Teaching and design thinking
Both situations make teaching suspicious, too often even ineffective. As my hero Moholy-Nagy of the Bauhaus wrote in 1947, design is defined by resourcefulness and inventiveness. Applying this definition to education, one could state that an appealing and academically sound learning experience exists through substance (the real logic) and style (the story telling).
To be empathetic as a teacher is very hard. One needs to be fully aware and present to the needs of students at all times, at least in theory. Having to multitask between a student’s and one’s proper interests (eg. phone, overhead projector) immediately challenges empathy towards the other, therefore diminishing trust. To be a trustful and fully empathetic tutor, it may be better to “be in front of students“ less often, but to be present 100% when present.

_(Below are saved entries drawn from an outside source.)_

lemma mu_ext_le:
  assumes "I \<in> chain_class \<Omega> M" "continuous_sf \<Omega> M v"
  shows "mu_ext \<Omega> M v I A \<le> v \<Omega> - v {}"
proof -
  obtain N where N: "finite_measure N" "space N = \<Omega>"
    "\<And>X. X \<in> I \<Longrightarrow> measure N X = v X - v {}" "mu_ext \<Omega> M v I = measure N"
    using mu_ext_measure[OF assms] by blast
  have "measure N A \<le> measure N (space N)" by (rule finite_measure.bounded_measure[OF N(1)])
  then show ?thesis using N(2-4) chain_classD(4)[OF assms(1)] by simp
qed

lemma mu_ext_Un_Int:
  assumes "I \<in> chain_class \<Omega> M" "continuous_sf \<Omega> M v"
    and "X \<in> M" "Y \<in> M" "X \<union> Y \<in> I" "X \<inter> Y \<in> I"
  shows "mu_ext \<Omega> M v I X + mu_ext \<Omega> M v I Y = (v (X \<union> Y) - v {}) + (v (X \<inter> Y) - v {})"
proof -
  obtain N where N: "finite_measure N" "sets N = M"
    "\<And>X. X \<in> I \<Longrightarrow> measure N X = v X - v {}" "mu_ext \<Omega> M v I = measure N"
    using mu_ext_measure[OF assms(1,2)] by blast
  have "measure N (X \<union> Y) = measure N X + measure N Y - measure N (X \<inter> Y)"
    using assms(3,4) N(2) by (intro measure_Un3) (simp_all add: finite_measure.fmeasurable_eq_sets[OF N(1)])
  then show ?thesis using N(3)[OF assms(5)] N(3)[OF assms(6)] N(4) by simp
qed

end

section \<open>Chains through increasing sequences\<close>

lemma chain_subset_interleave:
  fixes A :: "nat \<Rightarrow> 'a set"
  assumes "chain\<^sub>\<subseteq> I"
  shows "chain\<^sub>\<subseteq> ({(\<Union>i<n. A i) \<union> (B \<inter> A n) |n B. B \<in> I} \<union> {(\<Union>i. A i) \<union> B |B. B \<in> I})"
proof -
  let ?g = "\<lambda>n B. (\<Union>i<n. A i) \<union> (B \<inter> A n)"
  define L where "L = {?g n B |n B. B \<in> I}"
  define R where "R = {(\<Union>i. A i) \<union> B |B. B \<in> I}"
  have cmp: "B \<subseteq> B' \<or> B' \<subseteq> B" if "B \<in> I" "B' \<in> I" for B B'
    using assms that unfolding chain_subset_def by blast
  have g_less: "?g n B \<subseteq> ?g m B'" if "n < m" for n m B B'
  proof -
    have "(\<Union>i<Suc n. A i) \<subseteq> (\<Union>i<m. A i)" using that by (intro UN_mono) auto
    then show ?thesis by (auto simp: lessThan_Suc)
  qed
  have g_mono: "?g n B \<subseteq> ?g n B'" if "B \<subseteq> B'" for n B B'
    using that by (intro Un_mono Int_mono order_refl)
  have LL: "C \<subseteq> D \<or> D \<subseteq> C" if mem: "C \<in> L" "D \<in> L" for C D
  proof -
    obtain n B m B' where CD: "C = ?g n B" "D = ?g m B'" "B \<in> I" "B' \<in> I"
      using mem unfolding L_def by auto
    show ?thesis
    proof (cases n m rule: linorder_cases)
      case less
      then have "C \<subseteq> D" unfolding CD(1,2) by (rule g_less)
      then show ?thesis ..
    next
      case equal
      have "?g m B \<subseteq> ?g m B' \<or> ?g m B' \<subseteq> ?g m B"
        using cmp[OF CD(3,4)] g_mono[of B B' m] g_mono[of B' B m] by blast
      then show ?thesis unfolding CD(1,2) equal .
    next
      case greater
      then have "D \<subseteq> C" unfolding CD(1,2) by (rule g_less)
      then show ?thesis ..
    qed
  qed
  have LR: "C \<subseteq> D" if mem: "C \<in> L" "D \<in> R" for C D
  proof -
    obtain n B B' where "C = ?g n B" "D = (\<Union>i. A i) \<union> B'"
      using mem unfolding L_def R_def by auto
    then show ?thesis by auto
  qed
  have RR: "C \<subseteq> D \<or> D \<subseteq> C" if mem: "C \<in> R" "D \<in> R" for C D
  proof -
    obtain B B' where "C = (\<Union>i. A i) \<union> B" "D = (\<Union>i. A i) \<union> B'" "B \<in> I" "B' \<in> I"
      using mem unfolding R_def by auto
    then show ?thesis using cmp by blast
  qed
  have "chain\<^sub>\<subseteq> (L \<union> R)"
    unfolding chain_subset_def using LL LR RR by blast
  then show ?thesis unfolding L_def R_def .
qed

locale chain_generated = sigma_algebra +
  assumes chain_class_nonempty: "chain_class \<Omega> M \<noteq> {}"
begin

Trust leads to transparency, a different understanding of hierarchy and new learning objectives. These changed perspectives require new approaches, a reorganization. Learning through Creativity needs a culture of trust, as it is about helping students to develop their most intimate and human skills, where tutors and students engage in active listening, collaborating, stepping outside their comfort zone, and being more confident.
This is a first step towards learning (and teaching) through creativity, not just in school or university, but as a lifelong experience!